A summertime music series featuring local musicians and spoken word artists kicks off at noon with a performance by West African Manding Diali percussionist Amadou Kouyate near the Smithsonian Metro Station, at 12th Street and Jefferson Drive Southwest.
Kouyate comes from a long line of musicians, and has studied and performed Manding music since age three. He plays the kora, a lute-like instrument that dates back nearly 800 years. With the help of a synthesizer, he blends the traditional sound with contemporary music genres.
Born in D.C., he is the 150th generation of the Kouyate lineage and has dedicated his life to being an ambassador of African culture. By blending 13th century songs with original experimentation, blues and jazz riffs, Kouyate aims to reconnect African diasporas.
Lunchtime Music on the Mall will take place every Tuesday and Thursday through August. The series, now in its third year, is sponsored by the Washington Metropolitan Area Transit Authority, the D.C. Commission on the Arts and Humanities, and the National Park Service in conjunction with Del. Eleanor Holmes Norton, D-D.C.
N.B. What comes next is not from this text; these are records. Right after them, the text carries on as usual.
(* Let $p\in\mathcal{P}$ and $\varphi\in\mathrm{Stab}_{G^*}(p)$. Then: (i) if $\varphi\in G$, all orbits of $\langle\varphi\rangle$ on $I$ have the same size $b=|\varphi|$ (the order of $\varphi$), and if $r$ is the number of orbits then $br=2n$; (ii) if $\varphi\in G^*\setminus G$, all orbits of $\langle\varphi\rangle$ on $I$ have the same size $b=|\varphi|$, $b$ is even, and if $r$ is the number of orbits then $br=2n$.
   Context: Fix $n\ge 2$, $W=\{1,\dots,n\}$, $M=\{n+1,\dots,2n\}$, $I=W\cup M$. Permutations compose right-to-left. A preference profile is a function $p$ on $I$ assigning to each $x\in W$ a linear order $p(x)$ on $M$ and to each $y\in M$ a linear order $p(y)$ on $W$; $\mathcal{P}$ is the set of preference profiles. $G^*=\{\varphi\in\mathrm{Sym}(I):\{\varphi(W),\varphi(M)\}=\{W,M\}\}$ and $G=\{\varphi\in\mathrm{Sym}(I):\varphi(W)=W,\ \varphi(M)=M\}$. For a linear order $R$ on $X\subseteq I$ and $\varphi\in\mathrm{Sym}(I)$, $\varphi R$ is the relation on $\varphi(X)$ with $(a,b)\in\varphi R$ iff $(\varphi^{-1}(a),\varphi^{-1}(b))\in R$. For $\varphi\in G^*$, $p^\varphi(z)=\varphi\,p(\varphi^{-1}(z))$, and $\mathrm{Stab}_{G^*}(p)=\{\varphi\in G^*:p^\varphi=p\}$. *)

theory Defs
  imports "HOL-Combinatorics.Permutations"
begin

text \<open>Linear orders are (reflexive) library linear orders on the given carrier.\<close>

definition Wset :: "nat \<Rightarrow> nat set" where "Wset n = {1..n}"
definition Mset :: "nat \<Rightarrow> nat set" where "Mset n = {n+1..2*n}"
definition Iset :: "nat \<Rightarrow> nat set" where "Iset n = Wset n \<union> Mset n"

definition is_profile :: "nat \<Rightarrow> (nat \<Rightarrow> nat rel) \<Rightarrow> bool" where
  "is_profile n p \<longleftrightarrow>
     (\<forall>x\<in>Wset n. linear_order_on (Mset n) (p x)) \<and>
     (\<forall>y\<in>Mset n. linear_order_on (Wset n) (p y))"

definition Gstar :: "nat \<Rightarrow> (nat \<Rightarrow> nat) set" where
  "Gstar n = {\<phi>. \<phi> permutes Iset n \<and>
     ((\<phi> ` Wset n = Wset n \<and> \<phi> ` Mset n = Mset n) \<or>
      (\<phi> ` Wset n = Mset n \<and> \<phi> ` Mset n = Wset n))}"

definition Gsub :: "nat \<Rightarrow> (nat \<Rightarrow> nat) set" where
  "Gsub n = {\<phi>. \<phi> permutes Iset n \<and> \<phi> ` Wset n = Wset n \<and> \<phi> ` Mset n = Mset n}"

definition act_rel :: "(nat \<Rightarrow> nat) \<Rightarrow> nat rel \<Rightarrow> nat rel" where
  "act_rel \<phi> R = {(a, b). (inv \<phi> a, inv \<phi> b) \<in> R}"

definition act_profile :: "(nat \<Rightarrow> nat) \<Rightarrow> (nat \<Rightarrow> nat rel) \<Rightarrow> (nat \<Rightarrow> nat rel)" where
  "act_profile \<phi> p = (\<lambda>z. act_rel \<phi> (p (inv \<phi> z)))"

text \<open>Stabiliser; profiles are only meaningful on I, so equality is required on I.\<close>
definition Stab :: "nat \<Rightarrow> (nat \<Rightarrow> nat rel) \<Rightarrow> (nat \<Rightarrow> nat) set" where
  "Stab n p = {\<phi> \<in> Gstar n. \<forall>z\<in>Iset n. act_profile \<phi> p z = p z}"

definition perm_ord :: "(nat \<Rightarrow> nat) \<Rightarrow> nat" where
  "perm_ord \<phi> = (LEAST k. 0 < k \<and> \<phi> ^^ k = id)"

definition cyc_orbit :: "(nat \<Rightarrow> nat) \<Rightarrow> nat \<Rightarrow> nat set" where
  "cyc_orbit \<phi> x = {(\<phi> ^^ k) x | k. True}"

definition cyc_orbits :: "(nat \<Rightarrow> nat) \<Rightarrow> nat set \<Rightarrow> nat set set" where
  "cyc_orbits \<phi> A = cyc_orbit \<phi> ` A"

end

theory Submission
  imports Defs "HOL-Combinatorics.Cycles" "HOL-Combinatorics.Orbits"
begin

(* A stabiliser element \<phi> and all its powers are automorphisms of the profile. If \<phi>^k fixes
   an agent z, it preserves the linear order p(z) on the other side and so fixes that side
   pointwise, since a finite linear order has no nontrivial automorphism; repeating the argument
   with an agent of the other side shows \<phi>^k = id. Hence \<langle>\<phi>\<rangle> acts freely on I: every orbit
   has |\<phi>| elements, and the orbits partition the 2n agents. If \<phi> swaps W and M, then \<phi>^k
   maps W onto M for every odd k, while \<phi>^|\<phi>| = id, so |\<phi>| is even. *)

lemma perm_ord_of_permutation:
  assumes "permutation \<phi>"
  shows "0 < perm_ord \<phi>" and "\<phi> ^^ perm_ord \<phi> = id"
proof -
  have "\<exists>k. 0 < k \<and> \<phi> ^^ k = id"
    using permutation_is_nilpotent[OF assms] by metis
  then show "0 < perm_ord \<phi>" "\<phi> ^^ perm_ord \<phi> = id"
    unfolding perm_ord_def by (metis (mono_tags, lifting) LeastI_ex)+
qed

lemma perm_ord_le:
  assumes "0 < k" "\<phi> ^^ k = id"
  shows "perm_ord \<phi> \<le> k"
  unfolding perm_ord_def using assms by (simp add: Least_le)

lemma cyc_orbit_eq_orbit:
  assumes "permutation \<phi>"
  shows "cyc_orbit \<phi> x = orbit \<phi> x"
  unfolding cyc_orbit_def using orbit_altdef_permutation[OF assms] by simp

lemma card_cyc_orbit_eq_least_power:
  assumes "permutation \<phi>"
  shows "card (cyc_orbit \<phi> x) = least_power \<phi> x"
proof -
  have "cyc_orbit \<phi> x = set (support \<phi> x)"
    unfolding cyc_orbit_def support_set[OF assms] by auto
  then show ?thesis
    using distinct_card[OF cycle_of_permutation[OF assms]] by simp
qed

lemma card_cyc_orbit_eq_perm_ord:
  assumes "permutation \<phi>" and free: "\<And>k. (\<phi> ^^ k) x = x \<Longrightarrow> \<phi> ^^ k = id"
  shows "card (cyc_orbit \<phi> x) = perm_ord \<phi>"
proof -
  have "least_power \<phi> x \<le> perm_ord \<phi>"
    using least_power_le perm_ord_of_permutation[OF assms(1)] by (metis id_apply)
  moreover have "perm_ord \<phi> \<le> least_power \<phi> x"
    using least_power_of_permutation[OF assms(1)] free perm_ord_le by metis
  ultimately show ?thesis
    using card_cyc_orbit_eq_least_power[OF assms(1)] by simp
qed

lemma cyc_orbits_disjoint:
  assumes "permutation \<phi>" "cyc_orbit \<phi> x \<noteq> cyc_orbit \<phi> y"
  shows "cyc_orbit \<phi> x \<inter> cyc_orbit \<phi> y = {}"
  using assms cyclic_on_orbit'[OF assms(1)] orbit_cyclic_eq3
  unfolding cyc_orbit_eq_orbit[OF assms(1)] by (metis disjoint_iff)

lemma cyc_orbit_self: "x \<in> cyc_orbit \<phi> x"
  unfolding cyc_orbit_def by (metis (mono_tags) funpow_0 mem_Collect_eq)

lemma Union_cyc_orbits:
  assumes "\<phi> permutes S" "finite S"
  shows "\<Union> (cyc_orbits \<phi> S) = S"
proof -
  have "permutation \<phi>"
    using assms permutation_permutes by blast
  then have "cyc_orbit \<phi> x \<subseteq> S" if "x \<in> S" for x
    using permutes_orbit_subset[OF assms(1) that] by (simp add: cyc_orbit_eq_orbit)
  then show ?thesis
    unfolding cyc_orbits_def using cyc_orbit_self by blast
qed

lemma perm_ord_mult_card_cyc_orbits:
  assumes "\<phi> permutes S" "finite S"
    and free: "\<And>x k. x \<in> S \<Longrightarrow> (\<phi> ^^ k) x = x \<Longrightarrow> \<phi> ^^ k = id"
  shows "perm_ord \<phi> * card (cyc_orbits \<phi> S) = card S"
proof -
  have perm: "permutation \<phi>"
    using assms permutation_permutes by blast
  have "perm_ord \<phi> * card (cyc_orbits \<phi> S) = card (\<Union> (cyc_orbits \<phi> S))"
  proof (rule card_partition)
    show "finite (cyc_orbits \<phi> S)"
      unfolding cyc_orbits_def using assms(2) by simp
    show "finite (\<Union> (cyc_orbits \<phi> S))"
      unfolding Union_cyc_orbits[OF assms(1,2)] using assms(2) .
    show "card c = perm_ord \<phi>" if "c \<in> cyc_orbits \<phi> S" for c
      using that card_cyc_orbit_eq_perm_ord[OF perm free] unfolding cyc_orbits_def by auto
    show "c1 \<inter> c2 = {}" if "c1 \<in> cyc_orbits \<phi> S" "c2 \<in> cyc_orbits \<phi> S" "c1 \<noteq> c2" for c1 c2
      using that cyc_orbits_disjoint[OF perm] unfolding cyc_orbits_def by auto
  qed
  then show ?thesis
    unfolding Union_cyc_orbits[OF assms(1,2)] .
qed

lemma funpow_image_swap:
  assumes "\<phi> ` A = B" "\<phi> ` B = A"
  shows "(\<phi> ^^ k) ` A = (if even k then A else B)"
proof (induction k)
  case (Suc k)
  have "(\<phi> ^^ Suc k) ` A = \<phi> ` (\<phi> ^^ k) ` A"
    by (simp add: image_comp)
  with Suc assms show ?case
    by simp
qed simp

lemma even_perm_ord_if_swaps:
  assumes "permutation \<phi>" "\<phi> ` A = B" "\<phi> ` B = A" "A \<noteq> B"
  shows "even (perm_ord \<phi>)"
  using funpow_image_swap[OF assms(2,3), of "perm_ord \<phi>"] perm_ord_of_permutation(2)[OF assms(1)] assms(4)
  by (auto split: if_splits)

lemma card_under_inj_on:
  assumes "linear_order_on A R" "finite A"
  shows "inj_on (\<lambda>a. card (under R a)) A"
proof -
  have R: "R \<subseteq> A \<times> A" "\<forall>a\<in>A. (a, a) \<in> R" "trans R" "antisym R" "total_on A R"
    using assms(1) unfolding linear_order_on_def partial_order_on_def preorder_on_def refl_on_def
    by auto
  have eq: "a = a'"
    if "a' \<in> A" "(a, a') \<in> R" "card (under R a) = card (under R a')" for a a'
  proof -
    have "under R a' \<subseteq> A"
      using R(1) unfolding under_def by blast
    then have "finite (under R a')"
      using assms(2) by (rule finite_subset)
    then have "under R a = under R a'"
      using under_incr[OF R(3) that(2)] that(3) by (rule card_subset_eq)
    moreover have "a' \<in> under R a'"
      using R(2) that(1) unfolding under_def by blast
    ultimately have "(a', a) \<in> R"
      unfolding under_def by blast
    with R(4) that(2) show ?thesis
      unfolding antisym_def by blast
  qed
  show ?thesis
  proof (rule inj_onI)
    fix a a' assume "a \<in> A" "a' \<in> A" "card (under R a) = card (under R a')"
    with R(5) eq show "a = a'"
      unfolding total_on_def by metis
  qed
qed

lemma linear_order_automorphism_id:
  assumes lin: "linear_order_on A R" and "finite A" and "inj_on \<psi> A"
    and pres: "\<And>a b. (a, b) \<in> R \<longleftrightarrow> (\<psi> a, \<psi> b) \<in> R"
  shows "\<forall>a\<in>A. \<psi> a = a"
proof
  fix a assume "a \<in> A"
  have R: "R \<subseteq> A \<times> A" "\<forall>a\<in>A. (a, a) \<in> R"
    using lin unfolding linear_order_on_def partial_order_on_def preorder_on_def refl_on_def
    by auto
  have "\<psi> b \<in> A" if "b \<in> A" for b
    using pres[of b b] R that by auto
  then have onto: "\<psi> ` A = A"
    using assms(2,3) by (simp add: endo_inj_surj image_subsetI)
  have "under R (\<psi> a) = \<psi> ` under R a"
  proof
    show "\<psi> ` under R a \<subseteq> under R (\<psi> a)"
      using pres unfolding under_def by auto
    show "under R (\<psi> a) \<subseteq> \<psi> ` under R a"
    proof
      fix b assume "b \<in> under R (\<psi> a)"
      then have "b \<in> A" "(b, \<psi> a) \<in> R"
        using R(1) unfolding under_def by auto
      moreover obtain c where "b = \<psi> c"
        using onto \<open>b \<in> A\<close> by blast
      ultimately show "b \<in> \<psi> ` under R a"
        using pres unfolding under_def by auto
    qed
  qed
  moreover have "under R a \<subseteq> A"
    using R(1) unfolding under_def by blast
  ultimately have "card (under R (\<psi> a)) = card (under R a)"
    using assms(3) by (simp add: card_image inj_on_subset)
  moreover have "\<psi> a \<in> A"
    using onto \<open>a \<in> A\<close> by blast
  ultimately show "\<psi> a = a"
    using inj_onD[OF card_under_inj_on[OF lin assms(2)]] \<open>a \<in> A\<close> by blast
qed

definition profile_automorphism :: "nat \<Rightarrow> (nat \<Rightarrow> nat rel) \<Rightarrow> (nat \<Rightarrow> nat) \<Rightarrow> bool" where
  "profile_automorphism n p \<psi> \<longleftrightarrow> \<psi> permutes Iset n \<and>
     (\<forall>z\<in>Iset n. \<forall>a b. (a, b) \<in> p z \<longleftrightarrow> (\<psi> a, \<psi> b) \<in> p (\<psi> z))"

lemma Stab_imp_profile_automorphism:
  assumes "\<phi> \<in> Stab n p"
  shows "profile_automorphism n p \<phi>"
  unfolding profile_automorphism_def
proof (intro conjI ballI allI)
  show perm: "\<phi> permutes Iset n"
    using assms unfolding Stab_def Gstar_def by simp
  fix z a b assume "z \<in> Iset n"
  then have "\<phi> z \<in> Iset n"
    by (simp add: permutes_in_image[OF perm])
  then have "act_profile \<phi> p (\<phi> z) = p (\<phi> z)"
    using assms unfolding Stab_def by simp
  then have "p (\<phi> z) = act_rel \<phi> (p z)"
    unfolding act_profile_def permutes_inverses(2)[OF perm] by simp
  then show "(a, b) \<in> p z \<longleftrightarrow> (\<phi> a, \<phi> b) \<in> p (\<phi> z)"
    unfolding act_rel_def by (simp add: permutes_inverses(2)[OF perm])
qed

lemma profile_automorphism_comp:
  assumes "profile_automorphism n p \<psi>" "profile_automorphism n p \<chi>"
  shows "profile_automorphism n p (\<psi> \<circ> \<chi>)"
  unfolding profile_automorphism_def
proof (intro conjI ballI allI)
  have perm: "\<psi> permutes Iset n" "\<chi> permutes Iset n"
    using assms unfolding profile_automorphism_def by blast+
  then show "\<psi> \<circ> \<chi> permutes Iset n"
    by (rule permutes_compose[rotated])
  fix z a b assume "z \<in> Iset n"
  moreover have "\<chi> z \<in> Iset n"
    using permutes_in_image[OF perm(2)] \<open>z \<in> Iset n\<close> by blast
  ultimately show "(a, b) \<in> p z \<longleftrightarrow> ((\<psi> \<circ> \<chi>) a, (\<psi> \<circ> \<chi>) b) \<in> p ((\<psi> \<circ> \<chi>) z)"
    using assms unfolding profile_automorphism_def comp_apply by blast
qed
Performances this summer will range from gypsy jazz and indie pop to acoustic soul, traditional Irish folk and classic rock, among others, according to Norton’s office.
“In Amadou Kouyate, we are thrilled to have such a well-known and multi-faceted musician performing at our Music on the Mall kickoff,” Norton said in a statement. “On top of all of that, he’s a D.C. native. Kouyate and the performers that will follow him will bring people and energy to the Mall every Tuesday and Thursday this summer.”